# Парсинг вакансий с LinkedIn

## Описание задачи

Распарсить предоставленный csv файл с помощью BS 4, создав следующие признаки:

- наименование вакансии
- город
- страна
- тип занятости (online, hybride, on-site)
- компания
- размер компании (количество работников)
- сфера деятельности компании
- требуемые хард скилы
- дата публикации вакансии
- количество кандидатов на вакансию

## Часть1. Парсинг нужных данных

In [1]:
import pandas as pd
from bs4 import BeautifulSoup
import numpy as np
import seaborn as sns
from datetime import timedelta, datetime
import requests
from geopy.geocoders import Nominatim
from googletrans import Translator
pd.options.mode.chained_assignment = None

In [2]:
data = pd.read_csv('/Users/denis_sl/Desktop/проект linkedin/masterskaya_yandex_2022_09_07.csv')
data.head(10)

Unnamed: 0.1,Unnamed: 0,html
0,0,"\n <div>\n <div class=""\n jobs-deta..."
1,1,"\n <div>\n <div class=""\n jobs-deta..."
2,2,"\n <div>\n <div class=""\n jobs-deta..."
3,3,"\n <div>\n <div class=""\n jobs-deta..."
4,4,"\n <div>\n <div class=""\n jobs-deta..."
5,5,"\n <div>\n <div class=""\n jobs-deta..."
6,6,"\n <div>\n <div class=""\n jobs-deta..."
7,7,"\n <div>\n <div class=""\n jobs-deta..."
8,8,"\n <div>\n <div class=""\n jobs-deta..."
9,9,"\n <div>\n <div class=""\n jobs-deta..."


### Название позиции

In [3]:
data['title'] = data['html'].apply(lambda x: BeautifulSoup(x).find('h2').text.strip())

### Количество кандидатов

In [4]:
def get_candidats(cell):
    try:
        return BeautifulSoup(cell).find('span', {'class': 'jobs-unified-top-card__applicant-count'}).text.strip().replace('applicants', '').replace('applicant','')
    except:
        return np.nan
        

In [5]:
data['applicants'] = data['html'].apply(get_candidats)
data['applicants'] = data['applicants'].astype('Int64')

### Ссылка

In [6]:
data['link'] = data['html'].apply(lambda x: "https://linkedin.com" + BeautifulSoup(x).find('a').get('href'))

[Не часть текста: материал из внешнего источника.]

(* Let $n\ge1$, let $p_0$ be the origin of $\mathbb{Z}^n$ and let $p=(p_1,\dots,p_n)\in\mathbb{Z}^n$ with all $p_j\ge 0$. Then there exists at least one linear path from $p_0$ to $p$, i.e. a monotone discrete path $H=(h_0=p_0,h_1,\dots,h_N=p)$ with $N=p_1+\dots+p_n$ such that for every point $h\in H$, the voxel centered at $h$ intersects the line segment $\overline{p_0p}$.
   Context: A monotone discrete path from $p_0$ to $p$ is a sequence of points of $\mathbb{Z}^n$ starting at $p_0$ and ending at $p$ in which each successive point is obtained from the previous one by increasing exactly one coordinate by $1$. The voxel centered at a grid point $h=(h_1,\dots,h_n)\in\mathbb{Z}^n$ is the closed axis-parallel unit hypercube $\prod_{j=1}^n[h_j-\tfrac12,h_j+\tfrac12]$. A monotone discrete path from $p_0$ to $p$ is called linear if the voxel centered at each of its points intersects the segment $\overline{p_0p}$. *)

theory Defs
  imports "HOL-Analysis.Analysis"
begin

text \<open>Points of Z^n are modelled as int^'n, with 'n an arbitrary finite (nonempty) index type,
so n = CARD('n) >= 1.\<close>

definition real_pt :: "int^'n \<Rightarrow> real^'n" where
  "real_pt h = (\<chi> j. of_int (h $ j))"

definition voxel :: "int^'n \<Rightarrow> (real^'n) set" where
  "voxel h = {x. \<forall>j. \<bar>x $ j - of_int (h $ j)\<bar> \<le> 1/2}"

definition monotone_path :: "int^'n \<Rightarrow> int^'n \<Rightarrow> (int^'n) list \<Rightarrow> bool" where
  "monotone_path a b H \<longleftrightarrow> H \<noteq> [] \<and> hd H = a \<and> last H = b \<and>
     (\<forall>i. Suc i < length H \<longrightarrow> (\<exists>j. H ! Suc i = H ! i + axis j 1))"

definition linear_path :: "int^'n \<Rightarrow> int^'n \<Rightarrow> (int^'n) list \<Rightarrow> bool" where
  "linear_path a b H \<longleftrightarrow> monotone_path a b H \<and>
     (\<forall>h\<in>set H. voxel h \<inter> closed_segment (real_pt a) (real_pt b) \<noteq> {})"

end

theory Submission
  imports Defs
begin

text \<open>The path is built greedily while maintaining that the voxel of the current point meets
the segment at some parameter \<open>t\<close>. Among the coordinates not yet at their target, advance one
whose exit time \<open>(h\<^sub>j + 1/2) / p\<^sub>j\<close> from the voxel is smallest; at that moment the segment
point lies on the face shared by the voxels of \<open>h\<close> and \<open>h + e\<^sub>j\<close>, so the invariant survives.\<close>

definition meets_segment :: "int^'n \<Rightarrow> int^'n \<Rightarrow> bool" where
  "meets_segment p h \<longleftrightarrow>
     (\<exists>t::real. 0 \<le> t \<and> t \<le> 1 \<and> (\<forall>i. \<bar>t * of_int (p$i) - of_int (h$i)\<bar> \<le> 1/2))"

lemma meets_segment_imp_voxel_inter:
  assumes "meets_segment p h"
  shows "voxel h \<inter> closed_segment (real_pt 0) (real_pt p) \<noteq> {}"
proof -
  obtain t :: real where t: "0 \<le> t" "t \<le> 1" "\<forall>i. \<bar>t * of_int (p$i) - of_int (h$i)\<bar> \<le> 1/2"
    using assms unfolding meets_segment_def by blast
  have "t *\<^sub>R real_pt p \<in> voxel h"
    using t(3) by (simp add: voxel_def real_pt_def)
  moreover have "t *\<^sub>R real_pt p \<in> closed_segment (real_pt 0) (real_pt p)"
    using t(1,2) unfolding closed_segment_def real_pt_def
    by (auto intro!: exI[of _ t] simp: vec_eq_iff)
  ultimately show ?thesis by blast
qed

lemma meets_segment_step:
  fixes p h :: "int^'n"
  assumes p_nonneg: "\<forall>i. 0 \<le> p$i" and meets: "meets_segment p h" and "h$k < p$k"
  shows "\<exists>j. h$j < p$j \<and> meets_segment p (h + axis j 1)"
proof -
  obtain t :: real where t: "0 \<le> t" "t \<le> 1" "\<forall>i. \<bar>t * of_int (p$i) - of_int (h$i)\<bar> \<le> 1/2"
    using meets unfolding meets_segment_def by blast
  define S where "S = {i. h$i < p$i}"
  define exit_time where "exit_time i = (of_int (h$i) + 1/2) / (of_int (p$i) :: real)" for i
  define j where "j = arg_min_on exit_time S"
  have "finite S" "S \<noteq> {}"
    using \<open>h$k < p$k\<close> by (auto simp: S_def)
  then have "j \<in> S" and j_min: "\<forall>i\<in>S. exit_time j \<le> exit_time i"
    using arg_min_if_finite[of S exit_time] by (auto simp: j_def not_less)
  have p_pos: "0 < p$i" if "i \<in> S" for i
  proof (rule ccontr)
    assume "\<not> 0 < p$i"
    then have "p$i = 0"
      using p_nonneg[rule_format, of i] by linarith
    then have "\<bar>of_int (h$i)\<bar> \<le> (1/2::real)"
      using t(3)[rule_format, of i] by simp
    then have "h$i = 0" by linarith
    with \<open>p$i = 0\<close> \<open>i \<in> S\<close> show False by (simp add: S_def)
  qed
  have exit_time_eq: "exit_time i * of_int (p$i) = of_int (h$i) + 1/2" if "i \<in> S" for i
    using p_pos[OF that] by (simp add: exit_time_def)
  have "t * of_int (p$j) \<le> exit_time j * of_int (p$j)"
    using t(3)[rule_format, of j] exit_time_eq[OF \<open>j \<in> S\<close>] by linarith
  then have t_le: "t \<le> exit_time j"
    using p_pos[OF \<open>j \<in> S\<close>] by simp
  have exit_le_1: "exit_time j \<le> 1"
    using \<open>j \<in> S\<close> p_pos[OF \<open>j \<in> S\<close>] by (simp add: exit_time_def S_def)
  have "\<bar>exit_time j * of_int (p$i) - of_int ((h + axis j 1)$i)\<bar> \<le> 1/2" for i
  proof (cases "i = j")
    case True
    then show ?thesis using exit_time_eq[OF \<open>j \<in> S\<close>] by (simp add: axis_def)
  next
    case False
    have lower: "t * of_int (p$i) \<le> exit_time j * of_int (p$i)"
      using t_le p_nonneg by (simp add: mult_right_mono)
    have upper: "exit_time j * of_int (p$i) \<le> of_int (h$i) + 1/2"
    proof (cases "i \<in> S")
      case True
      then have "exit_time j * of_int (p$i) \<le> exit_time i * of_int (p$i)"
        using j_min p_nonneg by (simp add: mult_right_mono)
      then show ?thesis using exit_time_eq[OF True] by simp
    next
      case False
      have "exit_time j * of_int (p$i) \<le> of_int (p$i)"
        using exit_le_1 p_nonneg mult_right_mono[of "exit_time j" 1 "of_int (p$i)"] by simp
      then show ?thesis using False by (simp add: S_def)
    qed
    have "(h + axis j 1)$i = h$i"
      using False by (simp add: axis_def)
    then show ?thesis
      using t(3)[rule_format, of i] lower upper by (simp only: abs_le_iff) linarith
  qed
  then have "meets_segment p (h + axis j 1)"
    unfolding meets_segment_def using t(1) t_le exit_le_1 by (intro exI[of _ "exit_time j"]) auto
  with \<open>j \<in> S\<close> show ?thesis by (auto simp: S_def)
qed

lemma monotone_path_Cons:
  assumes "monotone_path (a + axis j 1) b H"
  shows "monotone_path a b (a # H)"
proof -
  have "\<exists>j. (a # H) ! Suc i = (a # H) ! i + axis j 1" if "Suc i < length (a # H)" for i
    using assms that by (cases i) (auto simp: monotone_path_def hd_conv_nth)
  then show ?thesis
    using assms by (auto simp: monotone_path_def)
qed

lemma meets_segment_path_exists:
  fixes p h :: "int^'n"
  assumes p_nonneg: "\<forall>i. 0 \<le> p$i" and "meets_segment p h" and "\<forall>i. h$i \<le> p$i"
  shows "\<exists>H. monotone_path h p H \<and> length H = nat (\<Sum>i\<in>UNIV. p$i - h$i) + 1 \<and>
             (\<forall>g\<in>set H. meets_segment p g)"
  using assms(2,3)
proof (induction "nat (\<Sum>i\<in>UNIV. p$i - h$i)" arbitrary: h)
  case 0
  have "0 \<le> (\<Sum>i\<in>UNIV. p$i - h$i)"
    using "0.prems"(2) by (simp add: sum_nonneg)
  with 0 have "\<forall>i\<in>UNIV. p$i - h$i = 0"
    by (subst sum_nonneg_eq_0_iff[symmetric]) auto
  then have "h = p"
    by (simp add: vec_eq_iff)
  then show ?case
    using "0.prems"(1) by (intro exI[of _ "[p]"]) (simp add: monotone_path_def)
next
  case (Suc n)
  have "\<exists>k. h$k < p$k"
  proof (rule ccontr)
    assume "\<nexists>k. h$k < p$k"
    then have "\<forall>i\<in>UNIV. p$i - h$i = 0"
      using Suc.prems(2) by (simp add: not_less order_antisym)
    with Suc.hyps(2) show False by simp
  qed
  then obtain j where "h$j < p$j" and meets': "meets_segment p (h + axis j 1)"
    using meets_segment_step p_nonneg Suc.prems(1) by blast
  have "(\<Sum>i\<in>UNIV. p$i - (h + axis j 1)$i) = (\<Sum>i\<in>UNIV. p$i - h$i) - 1"
    by (simp add: sum_subtractf sum.distrib axis_def)
  moreover have "\<forall>i. (h + axis j 1)$i \<le> p$i"
    using Suc.prems(2) \<open>h$j < p$j\<close> by (simp add: axis_def)
  ultimately obtain H where "monotone_path (h + axis j 1) p H" and
    "length H = n + 1" and "\<forall>g\<in>set H. meets_segment p g"
    using Suc.hyps(1)[of "h + axis j 1"] Suc.hyps(2) meets' by fastforce
  then show ?case
    using monotone_path_Cons Suc.hyps(2) Suc.prems(1) by (intro exI[of _ "h # H"]) auto
qed

theorem fact1:
  fixes p :: "int^'n"
  assumes "\<forall>j. p $ j \<ge> 0"
  shows "\<exists>H. linear_path 0 p H \<and> length H = nat (\<Sum>j\<in>UNIV. p $ j) + 1"
proof -
  have "meets_segment p 0"
    unfolding meets_segment_def by (intro exI[of _ 0]) simp
  then obtain H where "monotone_path 0 p H" "length H = nat (\<Sum>j\<in>UNIV. p $ j) + 1"
    and "\<forall>g\<in>set H. meets_segment p g"
    using meets_segment_path_exists[of p 0] assms by auto
  then show ?thesis
    unfolding linear_path_def using meets_segment_imp_voxel_inter by blast
qed

end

### Геолокоция с разбивкой на город и страну

In [7]:
def get_geo(cell):
    try:
        return BeautifulSoup(cell).find('span', class_ = 'jobs-unified-top-card__bullet').text.strip()
    except:
        return np.nan

In [8]:
data['location'] = data['html'].apply(get_geo)

In [9]:
def get_city(cell):
    if len(cell.split(',')) > 1:
        return cell.split(',')[0].strip()
    elif "Metropolitan" in cell or "Greater" in cell:
        return cell.replace('Greater', '').replace('Metropolitan', '').replace('Area', '').replace('Region','').strip()
    else:
        return np.nan

In [10]:
data['city'] = data['location'].apply(get_city)

In [11]:
def get_country(cell):
    try:
        if len(cell.split(',')) > 1:
            return cell.split(',')[-1].strip()
        else:
            return cell.split(',')[0].strip()
    except:
        return np.NaN

In [12]:
data['country'] = data['location'].apply(get_country)

In [13]:
# Воспользуемся сервисом geonames, чтобы получить названия стран по названиям местности
def get_country_from(cell):
    if 'Greater' in cell:
        city_name = cell.split()[1].strip()
        response = requests.request("GET", f"https://www.geonames.org/search.html?q={city_name}&country=")
        country = BeautifulSoup(response.text).find_all('a')[9].text
        if country:
            return country
        else: 
            return cell
    elif 'Area' in cell:
        city_name = cell.split()[0].strip()
        response = requests.request("GET", f"https://www.geonames.org/search.html?q={city_name}&country=")
        country = BeautifulSoup(response.text).find_all('a')[9].text
        if country:
            return country
        else:
            return cell
    else:
        return cell

In [14]:
data['country'] = data['country'].apply(get_country_from)

### Получение геоточек

In [15]:
#geolocator = Nominatim(user_agent = 'your_app')

In [16]:
def get_latitude(cell):
    try:
        location = geolocator.geocode(cell)
        return location.latitude
    except:
        return 'can not find'

In [17]:
def get_longitude(cell):
    try:
        location = geolocator.geocode(cell)
        return location.longitude
    except:
        return 'can not find'

In [18]:
#data['latitude'] = data['location'].apply(get_latitude)

In [19]:
#data['longitude'] = data['location'].apply(get_longitude)

In [20]:
#data[data['latitude'] == 'can not find']['html'].count()

In [21]:
#data.query('latitude == "can not find"')

### Тип занятости

In [22]:
def get_type(cell):
    try:
        return BeautifulSoup(cell).find('span', class_ = 'jobs-unified-top-card__workplace-type').text.strip()
    except:
        return np.nan

In [23]:
data['type'] = data['html'].apply(get_type)
data['type'] = data['type'].fillna('unknown')

### Название компании

In [24]:
def get_company_name(cell):
    try:
        return BeautifulSoup(cell).find('a', {'class': 'ember-view t-black t-normal'}).text.strip()
    except:
        return np.nan

In [25]:
data['company'] = data['html'].apply(get_company_name)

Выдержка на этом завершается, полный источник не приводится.